Yeah, I just wanted to complain about having a cold, and maybe mention the rain and the new computer weirdness. I got this new computer at work and now, webpages don't update unless you press refresh. So I posted the giant pink bunny thread and wanted to post something else and I couldn't figure out why LJ kept telling me "update successful" instead of offering me a chance to write more. I can't believe this took me a week to figure out. I'll blame the cold.

I think it's just about time to walk home and snuggle with the cats for three days. Happy weekend folks.

Friday, September 16, 2005

Dr Bongosnat!

CONGRATULATIONS TO DR. JILL!!

My friend Jill has survived living the epic novel known as her doctoral thesis (which she commonly described as the "sh!t sandwich"). No more continents uplifting to Mars! No more tuition! I'm not sure if the "sh!t sandwich" refers to writing the thesis itself, the miasma of PhD committee politics or is a vivid yet crude metaphor for the viscous layer in her geodynamic models of basin formation. Jill is a fabulous, funny, caring, sensitive person, with tremendous mathematical ability, a tendancy towards seasickness (good thing she's a theorist), more patience than she even recognizes, a soft heart for teaching students (aka "punks", "binkstugs", etc.) and a very interesting relationship with words. ;) Jill can spell words much much more accurately and quickly than I and has a huge vocabulary but an incredibly amusing aptitude for spoonerisms and coining new and bizarre, yet strangely intuitive words. My personal favorite (in honour of her Ph.D.) is:
"I'm turd even though I have a chordle-neck on"
I will always remember this because of the way she steadfastly continued to attempt to say how cold she was even wearing the turtleneck, despite my uncontrollable laughter. She writes that she is apparently the only PhD candidate known to have used the words "pac-man", "splot" and "scrunch" during a defense.

I was doomed to meet Jill. She went to school in Ottawa with Julia, did her undergrad and then graduate work in Toronto with me, her father worked with my brother doing geology in the middle of nowhere (midway between Thunder Bay and Winnipeg) and he also became a client of my Dad's, which seems one coincidence too many. Plus, we both have brothers named Jordie. I know we will always be friends since our friendship survived the cruise-from-hell. I miss working with her and always having a good friend just down the hall! I'm very proud and happy for her today. Woohoo! Way to go!

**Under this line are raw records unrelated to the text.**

(* Let $1<p<\infty$, $0<\theta<1$, $1\le r<\infty$, and $t_k=2^{1-2^k}$ for $k\in\{0,1,2,\dots\}$. Then for all $f\in\bigl(L^{p)}(\Omega),L^{(p}(\Omega)\bigr)_{\theta,r}$, $$\|f\|^r_{(L^{p)},L^{(p})_{\theta,r}}\approx\sum_{k=0}^{\infty}2^{kr(\theta-\frac1p)}\Bigl(\int_{t_{k+1}}^{t_k}f_*^p(y)dy\Bigr)^{r/p},$$ with constants independent of $f$.
   Context: $\Omega\subset\mathbb R^n$ is a bounded open set with $|\Omega|=1$; $f_*$ is the decreasing rearrangement of $|f|$ on $(0,1)$; $\log$ is the natural logarithm. Grand Lebesgue space $L^{p)}(\Omega)$: measurable $f$ with $\|f\|_{p)}=\sup_{0<t<1}(1-\log t)^{-1/p}(\int_t^1 f_*^p)^{1/p}<\infty$. Small Lebesgue space $L^{(p}(\Omega)$: measurable $f$ with $\|f\|_{(p}=\int_0^1(1-\log t)^{-1/p}(\int_0^t f_*^p)^{1/p}\frac{dt}{t}<\infty$. K-functional: $K(g,t;X_0,X_1)=\inf_{g=g_0+g_1}(\|g_0\|_{X_0}+t\|g_1\|_{X_1})$; $(X_0,X_1)_{\theta,r}$ is the set of $g\in X_0+X_1$ with $\|g\|=\bigl(\int_0^1[t^{-\theta}K(g,t)]^r\frac{dt}{t}\bigr)^{1/r}<\infty$ (only $t\in(0,1)$ used). *)

theory Defs
  imports "HOL-Analysis.Analysis"
begin

text \<open>Real power of an extended nonnegative real (exponent meant to be positive);
  the value \<infinity> is mapped to \<infinity>.\<close>
definition enn_powr :: "ennreal \<Rightarrow> real \<Rightarrow> ennreal" where
  "enn_powr x a = (if x = \<infinity> then \<infinity> else ennreal (enn2real x powr a))"

text \<open>Decreasing rearrangement of |f| on \<Omega> (with |\<Omega>| = 1), as a function on (0,1).\<close>
definition dec_rearr :: "'a::euclidean_space set \<Rightarrow> ('a \<Rightarrow> real) \<Rightarrow> real \<Rightarrow> real" where
  "dec_rearr \<Omega> f s = Inf {y::real. 0 \<le> y \<and> measure lebesgue {x\<in>\<Omega>. \<bar>f x\<bar> > y} \<le> s}"

definition grand_norm :: "'a::euclidean_space set \<Rightarrow> real \<Rightarrow> ('a \<Rightarrow> real) \<Rightarrow> ennreal" where
  "grand_norm \<Omega> p f = (SUP t\<in>{0<..<1::real}.
      ennreal ((1 - ln t) powr (-1/p)) *
      enn_powr (\<integral>\<^sup>+ s\<in>{t..1}. ennreal (dec_rearr \<Omega> f s powr p) \<partial>lborel) (1/p))"

definition small_norm :: "'a::euclidean_space set \<Rightarrow> real \<Rightarrow> ('a \<Rightarrow> real) \<Rightarrow> ennreal" where
  "small_norm \<Omega> p f = (\<integral>\<^sup>+ t\<in>{0<..<1::real}.
      ennreal ((1 - ln t) powr (-1/p)) *
      enn_powr (\<integral>\<^sup>+ s\<in>{0<..t}. ennreal (dec_rearr \<Omega> f s powr p) \<partial>lborel) (1/p)
      * ennreal (1 / t) \<partial>lborel)"

definition grand_space :: "'a::euclidean_space set \<Rightarrow> real \<Rightarrow> ('a \<Rightarrow> real) set" where
  "grand_space \<Omega> p = {f. f \<in> borel_measurable (lebesgue_on \<Omega>) \<and> grand_norm \<Omega> p f < \<infinity>}"

definition small_space :: "'a::euclidean_space set \<Rightarrow> real \<Rightarrow> ('a \<Rightarrow> real) set" where
  "small_space \<Omega> p = {f. f \<in> borel_measurable (lebesgue_on \<Omega>) \<and> small_norm \<Omega> p f < \<infinity>}"

definition K_fun :: "'a::euclidean_space set \<Rightarrow> real \<Rightarrow> ('a \<Rightarrow> real) \<Rightarrow> real \<Rightarrow> ennreal" where
  "K_fun \<Omega> p g t = (INF gs \<in> {(g0, g1). g0 \<in> grand_space \<Omega> p \<and> g1 \<in> small_space \<Omega> p \<and>
        (\<forall>x\<in>\<Omega>. g x = g0 x + g1 x)}.
      grand_norm \<Omega> p (fst gs) + ennreal t * small_norm \<Omega> p (snd gs))"

definition sum_space :: "'a::euclidean_space set \<Rightarrow> real \<Rightarrow> ('a \<Rightarrow> real) set" where
  "sum_space \<Omega> p = {g. \<exists>g0 g1. g0 \<in> grand_space \<Omega> p \<and> g1 \<in> small_space \<Omega> p \<and>
        (\<forall>x\<in>\<Omega>. g x = g0 x + g1 x)}"

text \<open>Interpolation norm (only t in (0,1) used).\<close>
definition interp_norm :: "'a::euclidean_space set \<Rightarrow> real \<Rightarrow> real \<Rightarrow> real \<Rightarrow> ('a \<Rightarrow> real) \<Rightarrow> ennreal" where
  "interp_norm \<Omega> p \<theta> r g = enn_powr (\<integral>\<^sup>+ t\<in>{0<..<1::real}.
      enn_powr (ennreal (t powr (-\<theta>)) * K_fun \<Omega> p g t) r * ennreal (1 / t) \<partial>lborel) (1/r)"

definition interp_space :: "'a::euclidean_space set \<Rightarrow> real \<Rightarrow> real \<Rightarrow> real \<Rightarrow> ('a \<Rightarrow> real) set" where
  "interp_space \<Omega> p \<theta> r = {g \<in> sum_space \<Omega> p. interp_norm \<Omega> p \<theta> r g < \<infinity>}"

end

(*
  With t_k = 2^(1 - 2^k) the logarithmic weight (1 - log t)^(-1/p) is comparable to 2^(-k/p)
  on [t_(k+1), t_k], so both Lebesgue norms of a function are governed by the dyadic blocks
  b_k = (int_(t_(k+1))^(t_k) f_*^p)^(1/p), and the K-functional at t ~ 2^-k by the blocks
  near index k.

  Lower bound: for any splitting f = g0 + g1 one has f_*(s) <= g0_*(s/2) + g1_*(s/2), which
  gives 2^(-k/p) b_k <= 24 (|g0|_{p)} + 2^-k |g1|_{(p}), hence 2^(-k/p) b_k <~ K(f, t) for
  t in [2^(-k-1), 2^-k); integrating t^(-theta r) K(f,t)^r dt/t over these intervals yields
  the lower estimate.

  Upper bound: cutting f at height f_*(t_k) gives a splitting with
  |g0|_{p)} <~ sum_(i >= k) 2^(-i/p) b_i and |g1|_{(p} <~ sum_(i <= k) 2^(i(1-1/p)) b_i.
  After multiplication by 2^(k theta) these are geometric convolutions of the sequence
  2^(i(theta-1/p)) b_i with ratios 2^-theta and 2^(theta-1), both < 1, so a discrete Hardy
  inequality bounds their l^r norms by that of the sequence itself.
*)
theory Submission
  imports Defs
begin

lemma powr_add_le_two_powr:
  fixes x y p :: real
  assumes "0 \<le> x" "0 \<le> y" "0 \<le> p"
  shows "(x + y) powr p \<le> 2 powr p * (x powr p + y powr p)"
proof -
  have "(x + y) powr p \<le> (2 * max x y) powr p"
    using assms by (intro powr_mono2) auto
  also have "\<dots> = 2 powr p * max x y powr p" using assms by (simp add: powr_mult)
  also have "max x y powr p \<le> x powr p + y powr p"
    by (cases "x \<le> y") (auto simp: max_def)
  finally show ?thesis by (simp add: mult_left_mono)
qed

lemma powr_add_le_add_powr:
  fixes x y q :: real
  assumes "0 \<le> x" "0 \<le> y" "0 < q" "q \<le> 1"
  shows "(x + y) powr q \<le> x powr q + y powr q"
proof (cases "x + y = 0")
  case False
  then have s: "0 < x + y" using assms by simp
  have le_powr: "u \<le> u powr q" if "0 \<le> u" "u \<le> 1" for u :: real
  proof (cases "u = 0")
    case False
    then have "u powr 1 \<le> u powr q" using that assms by (intro powr_mono') auto
    then show ?thesis using False that by simp
  qed simp
  have "1 = x / (x + y) + y / (x + y)" using s by (simp add: add_divide_distrib[symmetric])
  also have "\<dots> \<le> (x / (x + y)) powr q + (y / (x + y)) powr q"
    using assms s by (intro add_mono le_powr) auto
  also have "\<dots> = (x powr q + y powr q) / (x + y) powr q"
    by (simp add: powr_divide add_divide_distrib)
  finally show ?thesis using s by (simp add: le_divide_eq)
qed (use assms in simp)

lemma powr_sum_le_sum_powr:
  fixes q :: real
  assumes "\<And>i. i \<in> A \<Longrightarrow> 0 \<le> g i" "0 < q" "q \<le> 1"
  shows "(\<Sum>i\<in>A. g i) powr q \<le> (\<Sum>i\<in>A. g i powr q)"
  using assms(1)
proof (induction A rule: infinite_finite_induct)
  case (insert a A)
  have "(\<Sum>i\<in>insert a A. g i) powr q = (g a + (\<Sum>i\<in>A. g i)) powr q" using insert by simp
  also have "\<dots> \<le> g a powr q + (\<Sum>i\<in>A. g i) powr q"
    using insert assms by (intro powr_add_le_add_powr sum_nonneg) auto
  also have "\<dots> \<le> g a powr q + (\<Sum>i\<in>A. g i powr q)" using insert by auto
  finally show ?case using insert by simp
qed (use assms in auto)

lemma le_one_add_powr:
  fixes z r :: real
  assumes "0 \<le> z" "1 \<le> r"
  shows "z \<le> 1 + z powr r"
proof (cases "z \<le> 1")
  case False
  then have "z powr 1 \<le> z powr r" using assms by (intro powr_mono) auto
  then show ?thesis using False by simp
qed (simp add: add_increasing2)

lemma sum_power_le_geometric:
  fixes a :: real
  assumes "1 < a"
  shows "(\<Sum>j\<le>i. a ^ j) \<le> a / (a - 1) * a ^ i"
proof (induction i)
  case (Suc i)
  then have "(\<Sum>j\<le>Suc i. a ^ j) \<le> a / (a - 1) * a ^ i + a ^ Suc i" by simp
  also have "\<dots> = a / (a - 1) * a ^ Suc i" using assms by (simp add: field_simps)
  finally show ?case .
qed (use assms in \<open>simp add: field_simps\<close>)

lemma powr_power_comm:
  fixes d r :: real
  assumes "0 \<le> d"
  shows "(d ^ m) powr r = (d powr r) ^ m"
proof (cases "d = 0")
  case False
  then have "(d ^ m) powr r = d powr (r * real m)" using assms by (simp add: powr_realpow[symmetric] powr_powr mult.commute)
  also have "\<dots> = (d powr r) ^ m" using False by (simp add: powr_power mult.commute)
  finally show ?thesis .
qed (cases m, auto)

lemma powr_root_sum_le:
  fixes A B b p :: real
  assumes "0 \<le> A" "0 \<le> B" "1 \<le> p" "0 \<le> b" "b \<le> 2 powr (p + 1) * (A powr p + B powr p)"
  shows "b powr (1/p) \<le> 4 * (A + B)"
proof -
  have p: "0 < 1/p" "1/p \<le> 1" using assms(3) by auto
  have two: "2 powr (1/p) \<le> (2::real)" using powr_mono[of "1/p" 1 "2::real"] p by simp
  have "b powr (1/p) \<le> (2 powr (p + 1) * (A powr p + B powr p)) powr (1/p)"
    using assms p by (intro powr_mono2) auto
  also have "\<dots> = 2 * 2 powr (1/p) * (A powr p + B powr p) powr (1/p)"
    using assms(3) by (simp add: powr_mult powr_powr add_divide_distrib powr_add)
  also have "\<dots> \<le> 2 * 2 powr (1/p) * (A + B)"
  proof (intro mult_left_mono)
    have "(A powr p + B powr p) powr (1/p) \<le> (A powr p) powr (1/p) + (B powr p) powr (1/p)"
      using p by (intro powr_add_le_add_powr) auto
    then show "(A powr p + B powr p) powr (1/p) \<le> A + B"
      using assms by (simp add: powr_powr)
  qed auto
  also have "\<dots> \<le> 4 * (A + B)"
    using two assms(1,2) by (intro mult_right_mono) auto
  finally show ?thesis .
qed

lemma log_weight_powr_le:
  fixes c p u :: real
  assumes "0 \<le> c" "1 \<le> p" "1 \<le> u"
  shows "u powr (-1/p) * (1 + c * u) powr (1/p) \<le> 1 + c"
proof -
  have "(1 + c * u) powr (1/p) \<le> ((1 + c) * u) powr (1/p)"
    using assms by (intro powr_mono2) (auto simp: algebra_simps)
  also have "\<dots> = (1 + c) powr (1/p) * u powr (1/p)"
    using assms by (simp add: powr_mult)
  also have "(1 + c) powr (1/p) \<le> 1 + c"
    using powr_mono[of "1/p" 1 "1 + c"] assms by simp
  finally have "(1 + c * u) powr (1/p) \<le> (1 + c) * u powr (1/p)"
    using assms by (smt (verit) mult_right_mono powr_ge_zero)
  then have "u powr (-1/p) * (1 + c * u) powr (1/p) \<le> u powr (-1/p) * ((1 + c) * u powr (1/p))"
    by (intro mult_left_mono) auto
  also have "\<dots> = 1 + c"
    using assms by (simp add: powr_minus field_simps)
  finally show ?thesis .
qed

I hope this encourages others toiling with their theses. Hmm... that suggests another possible origin for the "sh!t sandwich" ..

Wednesday, September 7, 2005

it's a boy-cat!

Omigoodness... Whitey's a he. How we failed to perceive this over the last year is beyond me. I thought he was TC-shaped. But he's really fluffy and the anatomy is disguised. He's neutered. So Minny did choose a boyfriend. Explains a lot. Um... anyway, his nail was broken off, but is not infected. He's lucky. We have to wash it in an iodine like fluid twice a day, during which he screams bloody murder, and he is not allowed out of the house for a few days. The vet heard that we had basically rescued this neglected, abandoned, outdoor cat (by "we", I actually mean Di did, and I put up with it, since I did not want another cat, since I'm allergic to cats and he leaves white hair everywhere!) she gave him his shots and the toe-washing stuff all for the price of a single visit (without any extra charges for shots and the like).

And that's my revelation for the day.